What you need to do: For the records that follow, please set down exactly the lines between the one holding "jblk l \<le> (2::nat)" and the one holding "fixes tau mu :: real", inclusive, and only those.

Information supplied:
lemma jnoise_idx_in_noise_idx:
  assumes "1 \<le> l" "l \<le> k" "length w = 2 ^ k"
  shows "jnoise_idx w l \<in> noise_idx k"
proof -
  have k: "(2::nat) ^ k = 2 ^ (k - l) * 2 ^ l"
    using assms by (simp flip: power_add)
  then have "j div 2 ^ l < 2 ^ (k - l)"
    using j_less by (simp add: div_less_iff_less_mult)
  then have jblk: "jblk l \<le> 2 ^ (k - l)" by (simp add: jblk_def)
  then have "2 ^ l * jblk l \<le> (2::nat) ^ k"
    using k by (simp add: mult.commute)
  then have "2 ^ l * (jblk l - 1) + 2 ^ l \<le> (2::nat) ^ k"
    by (simp add: jblk_def algebra_simps)
  with jblk show ?thesis
    using assms k one_le_jblk[of l] by (simp add: noise_idx_def jnoise_idx_def length_block)
qed

end

locale single_flip_phh = single_flip +
  fixes tau mu :: real
  assumes mu_pos: "mu > 0"
begin

definition thr :: "nat \<Rightarrow> real" where "thr l = tau + real (l - 1) * mu"

definition noise_thr :: "bool list list \<Rightarrow> nat \<Rightarrow> bool list \<Rightarrow> real" where
  "noise_thr y l s = min (thr l - real (freq y l (jblk l) s)) mu"

lemma phh_test_jblk_iff: "phh_test tau mu y Z l (jblk l) s \<longleftrightarrow> noise_thr y l s < Z (l, jblk l, s)"
  unfolding phh_test_def noise_thr_def thr_def by linarith

text \<open>Noise values that make a test at the block of \<open>j\<close> pass, resp. fail, on every dataset
  with as many rows as \<open>x\<close>.\<close>
definition pass_noise :: real where "pass_noise = mu + 1"
definition fail_noise :: real where "fail_noise = min (tau - real (length x)) mu"

lemma phh_test_pass_noise:
  "Z (l, jblk l, s) = pass_noise \<Longrightarrow> phh_test tau mu y Z l (jblk l) s"
  by (simp add: phh_test_jblk_iff noise_thr_def pass_noise_def)

lemma not_phh_test_fail_noise:
  assumes "length y = length x" "Z (l, jblk l, s) = fail_noise"
  shows "\<not> phh_test tau mu y Z l (jblk l) s"
proof -
  have "freq y l (jblk l) s \<le> length x"
    unfolding freq_def assms(1)[symmetric] by (rule length_filter_le)
  moreover have "tau \<le> thr l"
    using mu_pos by (simp add: thr_def)
  ultimately show ?thesis
    using assms(2) by (simp add: phh_test_jblk_iff noise_thr_def fail_noise_def)
qed

definition first_fail :: "bool list list \<Rightarrow> bool list \<Rightarrow> nat \<Rightarrow> (nat \<times> nat \<times> bool list \<Rightarrow> real) \<Rightarrow> bool" where
  "first_fail y w s c \<longleftrightarrow> (\<forall>l. 1 \<le> l \<and> l < s \<longrightarrow> noise_thr y l (jblock w l) < c (jnoise_idx w l))
     \<and> (s \<le> k \<longrightarrow> \<not> noise_thr y s (jblock w s) < c (jnoise_idx w s))"

lemma first_fail_exists: "\<exists>s\<in>{1..k+1}. first_fail y w s c"
proof (cases "\<forall>l\<in>{1..k}. noise_thr y l (jblock w l) < c (jnoise_idx w l)")
  case True
  then show ?thesis by (intro bexI[of _ "k + 1"]) (auto simp: first_fail_def)
next
  case False
  define s where "s = (LEAST l. l \<in> {1..k} \<and> \<not> noise_thr y l (jblock w l) < c (jnoise_idx w l))"
  from False have "s \<in> {1..k} \<and> \<not> noise_thr y s (jblock w s) < c (jnoise_idx w s)"
    unfolding s_def by (metis (mono_tags, lifting) LeastI)
  moreover have "noise_thr y l (jblock w l) < c (jnoise_idx w l)" if "1 \<le> l" "l < s" for l
    using that not_less_Least[of l] \<open>s \<in> {1..k} \<and> _\<close> unfolding s_def by fastforce
  ultimately have "first_fail y w s c"
    by (auto simp: first_fail_def)
  with \<open>s \<in> {1..k} \<and> _\<close> show ?thesis by auto
qed

lemma first_fail_unique:
  assumes "first_fail y w s c" "first_fail y w s' c" "s \<in> {1..k+1}" "s' \<in> {1..k+1}"
  shows "s = s'"
proof (rule linorder_cases[of s s'])
  assume "s < s'"
  with assms show ?thesis by (auto simp: first_fail_def)
next
  assume "s' < s"
  with assms show ?thesis by (auto simp: first_fail_def)
qed

lemma phh_test_first_fail:
  assumes "first_fail y w s Z" "1 \<le> s" "1 \<le> l" "l \<le> k"
    and "jblock w l \<in> conc (phh_L tau mu y Z (l - 1) (2 * jblk l - 1)) (phh_L tau mu y Z (l - 1) (2 * jblk l))"
  shows "phh_test tau mu y Z l (jblk l) (jblock w l) \<longleftrightarrow> l < s"
proof -
  obtain l0 where l: "l = Suc l0" using assms(3) by (cases l) auto
  have passed: "phh_test tau mu y Z l' (jblk l') (jblock w l')" if "1 \<le> l'" "l' < l" for l'
    using jblock_candidate_passed[where w=w and l=l0] assms(5) that l by simp
  have "l \<le> s"
  proof (rule ccontr)
    assume "\<not> l \<le> s"
    with assms passed[of s] show False
      by (auto simp: first_fail_def phh_test_jblk_iff jnoise_idx_def)
  qed
  then show ?thesis
    using assms by (cases "l = s") (auto simp: first_fail_def phh_test_jblk_iff jnoise_idx_def)
qed

definition crit :: "(nat \<times> nat \<times> bool list) set" where
  "crit = jnoise_idx u ` {1..k} \<union> jnoise_idx u' ` {1..k}"

definition canon_noise :: "nat \<Rightarrow> nat \<Rightarrow> nat \<times> nat \<times> bool list \<Rightarrow> real" where
  "canon_noise su su' =
     (\<lambda>(l, t, s). if l < (if s = jblock u l then su else su') then pass_noise else fail_noise)"

lemma canon_noise_u: "canon_noise su su' (jnoise_idx u l) = (if l < su then pass_noise else fail_noise)"
  by (simp add: canon_noise_def jnoise_idx_def)

lemma canon_noise_u': "canon_noise su su' (jnoise_idx u' l) = (if l < su' then pass_noise else fail_noise)"
  using jblock_neq[of l] by (simp add: canon_noise_def jnoise_idx_def)

lemma phh_L_canon_noise:
  assumes "length y = length x" "1 \<le> su" "1 \<le> su'"
    and "first_fail y u su Z" "first_fail y u' su' Z"
    and "\<And>idx. idx \<notin> crit \<Longrightarrow> Z' idx = Z idx" "\<And>idx. idx \<in> crit \<Longrightarrow> Z' idx = canon_noise su su' idx"
  shows "phh_L tau mu y Z k 1 = phh_L tau mu y Z' k 1"
proof (rule phh_L_cong)
  fix l t s
  assume l: "1 \<le> l" "l \<le> k" and "1 \<le> t"
    and candidate: "s \<in> conc (phh_L tau mu y Z (l - 1) (2 * t - 1)) (phh_L tau mu y Z (l - 1) (2 * t))"
  show "phh_test tau mu y Z l t s = phh_test tau mu y Z' l t s"
  proof (cases "(l, t, s) \<in> crit")
    case False
    then show ?thesis using assms(6) by (simp add: phh_test_def)
  next
    case True
    then obtain w sw where w: "(w, sw) \<in> {(u, su), (u', su')}" and idx: "(l, t, s) = jnoise_idx w l"
      by (auto simp: crit_def jnoise_idx_def)
    then have "phh_test tau mu y Z l t s \<longleftrightarrow> l < sw"
      using phh_test_first_fail[of y w sw Z l] assms candidate l by (auto simp: jnoise_idx_def)
    moreover have "Z' (l, t, s) = (if l < sw then pass_noise else fail_noise)"
      using w idx True assms(7) by (auto simp: canon_noise_u canon_noise_u')
    ultimately show ?thesis
      using idx phh_test_pass_noise not_phh_test_fail_noise[OF assms(1)] by (auto simp: jnoise_idx_def)
  qed
qed simp

lemma phh_L_x_x':
  assumes "\<And>idx. idx \<in> crit \<Longrightarrow> Z idx = pass_noise \<or> Z idx = fail_noise"
  shows "phh_L tau mu x Z k 1 = phh_L tau mu x' Z k 1"
proof (rule phh_L_cong)
  fix l t :: nat and s
  assume l: "1 \<le> l" "l \<le> k" and t: "1 \<le> t"
  show "phh_test tau mu x Z l t s = phh_test tau mu x' Z l t s"
  proof (cases "t = jblk l \<and> (s = jblock u l \<or> s = jblock u' l)")
    case False
    with t show ?thesis by (simp add: phh_test_def freq_x'_eq)
  next
    case True
    with l have "(l, t, s) \<in> crit" by (auto simp: crit_def jnoise_idx_def)
    with True show ?thesis
      using assms phh_test_pass_noise not_phh_test_fail_noise length_x' by blast
  qed
qed simp

end

locale single_flip_laplace = single_flip_phh +
  fixes lam :: real
  assumes lam_pos: "lam > 0" and one_le_mu: "1 \<le> mu"
begin

abbreviation chain_fail_prob :: "bool list list \<Rightarrow> bool list \<Rightarrow> nat \<Rightarrow> real" where
  "chain_fail_prob y w s \<equiv> first_fail_prob lam k (\<lambda>l. noise_thr y l (jblock w l)) s"

lemma thr_Suc: "1 \<le> l \<Longrightarrow> thr (Suc l) = thr l + mu"
  by (simp add: thr_def of_nat_diff algebra_simps)

lemma chain_fail_prob_u_le:
  "chain_fail_prob x u s
     \<le> exp ((2 + 1 / (1 - exp (- mu / lam))) / lam) * chain_fail_prob x' u s"
proof -
  define z where "z l = thr l - real (freq x l (jblk l) (jblock u l))" for l
  have x: "noise_thr x l (jblock u l) = min (z l) mu"
    and x': "noise_thr x' l (jblock u l) = min (z l + 1) mu" for l
    using freq_jblock_u[of l] by (simp_all add: noise_thr_def z_def)
  have "z l + mu \<le> z (Suc l)" if "1 \<le> l" for l
    using that freq_jblock_Suc_le[of x l u] by (simp add: z_def thr_Suc)
  then have "(\<Sum>l = 1..k. pass_loss lam mu (z l)) \<le> (2 + 1 / (1 - exp (- mu / lam))) / lam"
    using lam_pos one_le_mu by (intro sum_pass_loss_le)
  moreover have "chain_fail_prob x u s
      \<le> exp (\<Sum>l = 1..k. pass_loss lam mu (z l)) * chain_fail_prob x' u s"
  proof (rule first_fail_prob_le[OF lam_pos])
    show "0 \<le> pass_loss lam mu (z l)" for l
      using lam_pos one_le_mu by (rule pass_loss_nonneg)
    show "laplace_cdf lam (- noise_thr x l (jblock u l))
        \<le> exp (pass_loss lam mu (z l)) * laplace_cdf lam (- noise_thr x' l (jblock u l))" for l
      unfolding x x' using lam_pos mu_pos by (rule pass_prob_le)
    have "laplace_cdf lam (min (z s) mu) \<le> laplace_cdf lam (min (z s + 1) mu)"
      using lam_pos by (intro laplace_cdf_mono) simp_all
    also have "\<dots> \<le> exp (pass_loss lam mu (z s)) * laplace_cdf lam (min (z s + 1) mu)"
      using lam_pos one_le_mu laplace_cdf_nonneg[OF lam_pos] pass_loss_nonneg[of lam mu]
        mult_right_mono[of 1 "exp (pass_loss lam mu (z s))"] by simp
    finally show "laplace_cdf lam (noise_thr x s (jblock u s))
        \<le> exp (pass_loss lam mu (z s)) * laplace_cdf lam (noise_thr x' s (jblock u s))"
      unfolding x x' .
  qed
  ultimately show ?thesis
    using first_fail_prob_nonneg[OF lam_pos] by (meson exp_le_cancel_iff mult_right_mono order.trans)
qed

Exercise response:
  then have "2 ^ l * jblk l \<le> (2::nat) ^ k"
    using k by (simp add: mult.commute)
  then have "2 ^ l * (jblk l - 1) + 2 ^ l \<le> (2::nat) ^ k"
    by (simp add: jblk_def algebra_simps)
  with jblk show ?thesis
    using assms k one_le_jblk[of l] by (simp add: noise_idx_def jnoise_idx_def length_block)
qed

end

locale single_flip_phh = single_flip +
  fixes tau mu :: real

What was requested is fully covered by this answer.